The Blackrock Plaintiffs filed their Complaint on January 9, 2018 for purchases of Valeant common stock that occurred between January 4, 2013 and August 10, 2016. (Compl. 1.) Defendants argue that under Section 18, Plaintiffs had exactly one year after the date that the alleged fraud was revealed, that is, until August 10, 2017, to file the instant action. (Valeant's Moving Br. 2-4.) Plaintiffs respond that SOX extends the time to file a Section 18 claim to within two years of the discovery of a Section 18(a) violation. (Pls.' Opp'n Br. 1-2, ECF No. 37.)

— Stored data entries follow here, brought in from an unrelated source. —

lemma six_mult_one_minus_inverse_le:
  fixes n :: nat
  assumes "1 \<le> n"
  shows "6 * (1 - 1 / real n) \<le> real n + 1"
proof -
  have "0 \<le> (real n - 2) * (real n - 3)"
    by (cases "n \<le> 2") (auto intro: mult_nonpos_nonpos)
  then show ?thesis
    using assms by (simp add: field_simps)
qed

lemma interpolated_divide_le:
  fixes N K t x :: real and n :: nat
  assumes "1 \<le> t" "1 \<le> x" "1 \<le> n" "0 \<le> K" "N \<le> t ^ 6 * K" "N \<le> x * K"
  shows "N / ((4 * t) ^ (n + 1) * x powr (1 / real n) * (1 + ln x)) \<le> K"
proof -
  define \<theta> where "\<theta> = 1 / real n"
  define c where "c = (4 * t) ^ (n + 1) * x powr \<theta>"
  have \<theta>: "0 \<le> \<theta>" "\<theta> \<le> 1"
    using assms(3) by (auto simp: \<theta>_def)
  have c_pos: "0 < c"
    using assms(1,2) by (simp add: c_def)
  have "(t ^ 6) powr (1 - \<theta>) \<le> (4 * t) ^ (n + 1)"
  proof -
    have "t ^ 6 = t powr 6"
      using assms(1) by (simp add: powr_numeral)
    then have "(t ^ 6) powr (1 - \<theta>) = t powr (6 * (1 - \<theta>))"
      by (simp add: powr_powr)
    also have "\<dots> \<le> t powr (real n + 1)"
      using assms(1,3) six_mult_one_minus_inverse_le unfolding \<theta>_def by (intro powr_mono) auto
    also have "\<dots> = t ^ (n + 1)"
      using assms(1) powr_realpow[of t "n + 1"] by (simp add: add.commute)
    also have "\<dots> \<le> (4 * t) ^ (n + 1)"
      using assms(1) by (intro power_mono) auto
    finally show ?thesis .
  qed
  have "N \<le> min (t ^ 6) x * K"
    using assms(5,6) by (simp add: min_def)
  also have "\<dots> \<le> (t ^ 6) powr (1 - \<theta>) * x powr \<theta> * K"
    using assms(1,2,4) \<theta> by (intro mult_right_mono min_le_powr_combination) auto
  also have "\<dots> \<le> c * K"
    unfolding c_def using \<open>(t ^ 6) powr (1 - \<theta>) \<le> (4 * t) ^ (n + 1)\<close> assms(4)
    by (intro mult_right_mono) auto
  also have "\<dots> \<le> c * (1 + ln x) * K"
    using assms(2,4) c_pos by (intro mult_right_mono mult_le_cancel_left1[THEN iffD2]) auto
  finally have "N \<le> c * (1 + ln x) * K" .
  moreover have "0 < c * (1 + ln x)"
    using assms(2) c_pos by (simp add: add_pos_nonneg)
  ultimately show ?thesis
    unfolding c_def \<theta>_def by (simp add: divide_le_eq mult.commute)
qed

definition rat_num :: "rat \<Rightarrow> int" where
  "rat_num r = fst (quotient_of r)"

In Lord Abbett Investment Trust-Lord Abbett Short Duration Income Fund, et al. v. Valeant Pharmaceuticals International, Inc., Civ. No. 17-6365, 2018 WL 3637514 (D.N.J. July 31, 2018) ("Lord Abbett"), this Court considered similar arguments on the limitations period for the Lord Abbett Plaintiffs' Section 18 claim against almost all of the same Defendants in the present action. In its Memorandum Opinion, the Court adopted the Second Circuit's ruling in Dekalb County Pension Fund v. Transocean Ltd., 817 F.3d 393, 407 (2d Cir. 2016), and found that SOX's expanded limitations provision applies to Section 18 claims. Lord Abbett, 2018 WL 3637514.
The Lord Abbett decision also resolved the pending motions in The Boeing Company Employee Retirement Plans Master Trust and The Boeing Company Employee Savings Plans Master Trust v. Valeant Pharmaceuticals International, Inc., Civ. No. 17-7636, and Public Employees' Retirement System of Mississippi v. Valeant Pharmaceuticals International, Inc., Civ. No. 17-7625.
Plaintiffs in Lord Abbett did not bring claims against Jorn. --------
The Court applies the same analysis here. Applying the SOX extended limitations period, therefore, the Section 18 limitations period would have expired in August 2018. As Plaintiffs filed the lawsuit on January 9, 2018, the Court finds that the Section 18 Claims are timely. Defendants' motions, therefore, are denied.
IV. Conclusion
For the reasons set forth above, Defendants' Partial Motion to Dismiss the Section 18 claims are DENIED. An Order consistent with this Memorandum Opinion will be entered.